WORK REQUEST:
Report how many lines in the listing below include the word "forall". Write nothing besides the number.

DATA FOR ANALYSIS:
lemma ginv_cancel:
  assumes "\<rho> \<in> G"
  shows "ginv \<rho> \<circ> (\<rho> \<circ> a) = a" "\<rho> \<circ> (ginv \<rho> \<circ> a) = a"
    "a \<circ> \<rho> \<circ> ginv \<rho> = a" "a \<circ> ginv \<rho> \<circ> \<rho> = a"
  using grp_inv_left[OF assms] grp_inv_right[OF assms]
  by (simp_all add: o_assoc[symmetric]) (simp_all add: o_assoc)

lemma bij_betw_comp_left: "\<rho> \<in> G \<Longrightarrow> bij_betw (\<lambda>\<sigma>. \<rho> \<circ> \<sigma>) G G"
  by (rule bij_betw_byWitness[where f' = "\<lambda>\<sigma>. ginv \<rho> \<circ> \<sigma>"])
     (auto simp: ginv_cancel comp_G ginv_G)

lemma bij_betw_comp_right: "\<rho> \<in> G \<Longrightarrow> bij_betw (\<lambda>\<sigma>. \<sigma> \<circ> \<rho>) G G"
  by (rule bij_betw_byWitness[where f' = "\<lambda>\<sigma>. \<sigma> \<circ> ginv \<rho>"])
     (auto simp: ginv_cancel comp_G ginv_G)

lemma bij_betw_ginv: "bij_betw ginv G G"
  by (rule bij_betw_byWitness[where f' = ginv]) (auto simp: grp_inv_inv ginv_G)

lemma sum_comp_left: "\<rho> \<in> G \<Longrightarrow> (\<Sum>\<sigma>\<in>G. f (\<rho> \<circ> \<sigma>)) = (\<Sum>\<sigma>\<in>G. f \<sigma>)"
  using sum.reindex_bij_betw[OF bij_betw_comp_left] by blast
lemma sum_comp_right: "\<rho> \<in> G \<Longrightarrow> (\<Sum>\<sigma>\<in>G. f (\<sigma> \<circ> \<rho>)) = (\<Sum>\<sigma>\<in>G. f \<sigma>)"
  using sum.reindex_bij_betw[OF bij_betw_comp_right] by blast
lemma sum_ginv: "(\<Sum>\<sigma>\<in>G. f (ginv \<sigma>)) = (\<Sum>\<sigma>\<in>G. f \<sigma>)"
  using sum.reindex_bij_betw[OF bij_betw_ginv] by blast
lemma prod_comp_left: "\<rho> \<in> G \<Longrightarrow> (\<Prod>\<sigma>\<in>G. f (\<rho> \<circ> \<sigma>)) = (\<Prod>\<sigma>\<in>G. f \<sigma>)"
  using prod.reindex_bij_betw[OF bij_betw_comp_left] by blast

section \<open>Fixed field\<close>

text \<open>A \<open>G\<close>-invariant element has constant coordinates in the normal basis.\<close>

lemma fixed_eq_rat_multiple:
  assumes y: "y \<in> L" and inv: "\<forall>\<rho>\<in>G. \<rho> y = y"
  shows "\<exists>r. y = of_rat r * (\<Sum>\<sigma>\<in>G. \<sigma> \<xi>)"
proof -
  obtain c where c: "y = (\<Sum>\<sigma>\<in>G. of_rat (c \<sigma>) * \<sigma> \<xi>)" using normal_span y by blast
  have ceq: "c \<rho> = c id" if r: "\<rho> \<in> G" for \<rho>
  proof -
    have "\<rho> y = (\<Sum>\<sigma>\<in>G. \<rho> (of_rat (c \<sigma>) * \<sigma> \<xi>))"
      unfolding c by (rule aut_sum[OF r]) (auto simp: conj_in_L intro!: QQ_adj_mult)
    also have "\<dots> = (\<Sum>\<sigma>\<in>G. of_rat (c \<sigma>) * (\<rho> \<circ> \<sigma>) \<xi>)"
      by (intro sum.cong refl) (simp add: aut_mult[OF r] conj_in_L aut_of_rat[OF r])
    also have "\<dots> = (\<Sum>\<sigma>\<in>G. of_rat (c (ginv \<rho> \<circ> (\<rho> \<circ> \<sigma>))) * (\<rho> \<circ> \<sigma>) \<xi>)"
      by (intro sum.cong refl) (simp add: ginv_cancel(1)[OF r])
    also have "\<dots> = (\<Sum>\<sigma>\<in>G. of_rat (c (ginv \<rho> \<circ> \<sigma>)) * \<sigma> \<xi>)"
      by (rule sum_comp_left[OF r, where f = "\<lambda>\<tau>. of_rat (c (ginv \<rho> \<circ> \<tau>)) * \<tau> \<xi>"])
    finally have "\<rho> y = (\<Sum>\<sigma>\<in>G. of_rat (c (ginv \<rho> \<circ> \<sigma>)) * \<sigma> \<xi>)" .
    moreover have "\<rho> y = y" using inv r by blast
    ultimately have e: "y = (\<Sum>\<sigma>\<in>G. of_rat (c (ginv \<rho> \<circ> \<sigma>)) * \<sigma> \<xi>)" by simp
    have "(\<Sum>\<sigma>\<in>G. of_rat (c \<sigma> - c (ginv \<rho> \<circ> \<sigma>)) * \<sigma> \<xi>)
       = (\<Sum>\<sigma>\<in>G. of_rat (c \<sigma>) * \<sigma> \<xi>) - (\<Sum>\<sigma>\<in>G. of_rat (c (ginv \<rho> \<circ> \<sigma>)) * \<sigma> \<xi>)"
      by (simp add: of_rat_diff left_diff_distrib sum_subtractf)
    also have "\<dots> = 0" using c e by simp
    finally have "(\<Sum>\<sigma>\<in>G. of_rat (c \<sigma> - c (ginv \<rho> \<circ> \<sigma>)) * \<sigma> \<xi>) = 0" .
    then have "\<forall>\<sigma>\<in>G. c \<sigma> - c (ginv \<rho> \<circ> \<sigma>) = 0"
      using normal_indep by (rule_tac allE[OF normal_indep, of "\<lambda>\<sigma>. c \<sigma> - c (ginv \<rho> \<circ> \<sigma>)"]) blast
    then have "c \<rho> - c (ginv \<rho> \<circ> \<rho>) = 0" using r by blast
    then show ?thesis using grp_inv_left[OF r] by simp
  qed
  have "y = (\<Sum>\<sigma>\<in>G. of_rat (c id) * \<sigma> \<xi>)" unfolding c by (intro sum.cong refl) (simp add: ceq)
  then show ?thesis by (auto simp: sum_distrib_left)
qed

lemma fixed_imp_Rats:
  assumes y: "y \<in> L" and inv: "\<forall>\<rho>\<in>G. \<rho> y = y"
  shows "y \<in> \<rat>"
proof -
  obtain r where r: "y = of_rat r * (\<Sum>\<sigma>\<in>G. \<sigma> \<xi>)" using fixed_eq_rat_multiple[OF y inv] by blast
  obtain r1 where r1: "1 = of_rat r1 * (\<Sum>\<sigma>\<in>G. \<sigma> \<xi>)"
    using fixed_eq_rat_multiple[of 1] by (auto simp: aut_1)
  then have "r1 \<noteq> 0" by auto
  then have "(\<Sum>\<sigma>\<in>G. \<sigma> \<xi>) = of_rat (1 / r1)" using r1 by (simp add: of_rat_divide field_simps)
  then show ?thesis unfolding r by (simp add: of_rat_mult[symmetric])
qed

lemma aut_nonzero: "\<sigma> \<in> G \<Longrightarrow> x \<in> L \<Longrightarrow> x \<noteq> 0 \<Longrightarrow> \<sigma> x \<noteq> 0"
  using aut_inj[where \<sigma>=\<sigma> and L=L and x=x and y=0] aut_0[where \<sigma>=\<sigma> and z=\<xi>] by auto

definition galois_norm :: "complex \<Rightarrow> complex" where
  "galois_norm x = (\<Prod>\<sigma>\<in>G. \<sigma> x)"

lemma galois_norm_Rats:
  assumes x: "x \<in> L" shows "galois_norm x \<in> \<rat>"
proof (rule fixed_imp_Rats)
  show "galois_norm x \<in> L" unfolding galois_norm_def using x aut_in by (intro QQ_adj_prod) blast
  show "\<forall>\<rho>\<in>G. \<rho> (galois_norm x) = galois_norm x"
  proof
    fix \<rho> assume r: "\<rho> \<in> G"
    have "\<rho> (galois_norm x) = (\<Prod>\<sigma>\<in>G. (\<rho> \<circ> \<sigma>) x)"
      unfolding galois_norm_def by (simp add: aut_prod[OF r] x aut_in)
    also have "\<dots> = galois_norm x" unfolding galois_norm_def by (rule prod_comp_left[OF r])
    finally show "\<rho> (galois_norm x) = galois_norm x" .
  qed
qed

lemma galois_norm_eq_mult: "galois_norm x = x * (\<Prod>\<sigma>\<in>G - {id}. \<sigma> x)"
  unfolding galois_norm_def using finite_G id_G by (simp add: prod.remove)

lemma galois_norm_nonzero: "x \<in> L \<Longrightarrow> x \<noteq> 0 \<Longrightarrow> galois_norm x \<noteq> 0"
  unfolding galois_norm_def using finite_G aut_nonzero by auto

RESPONSE TO THIS EXERCISE:
4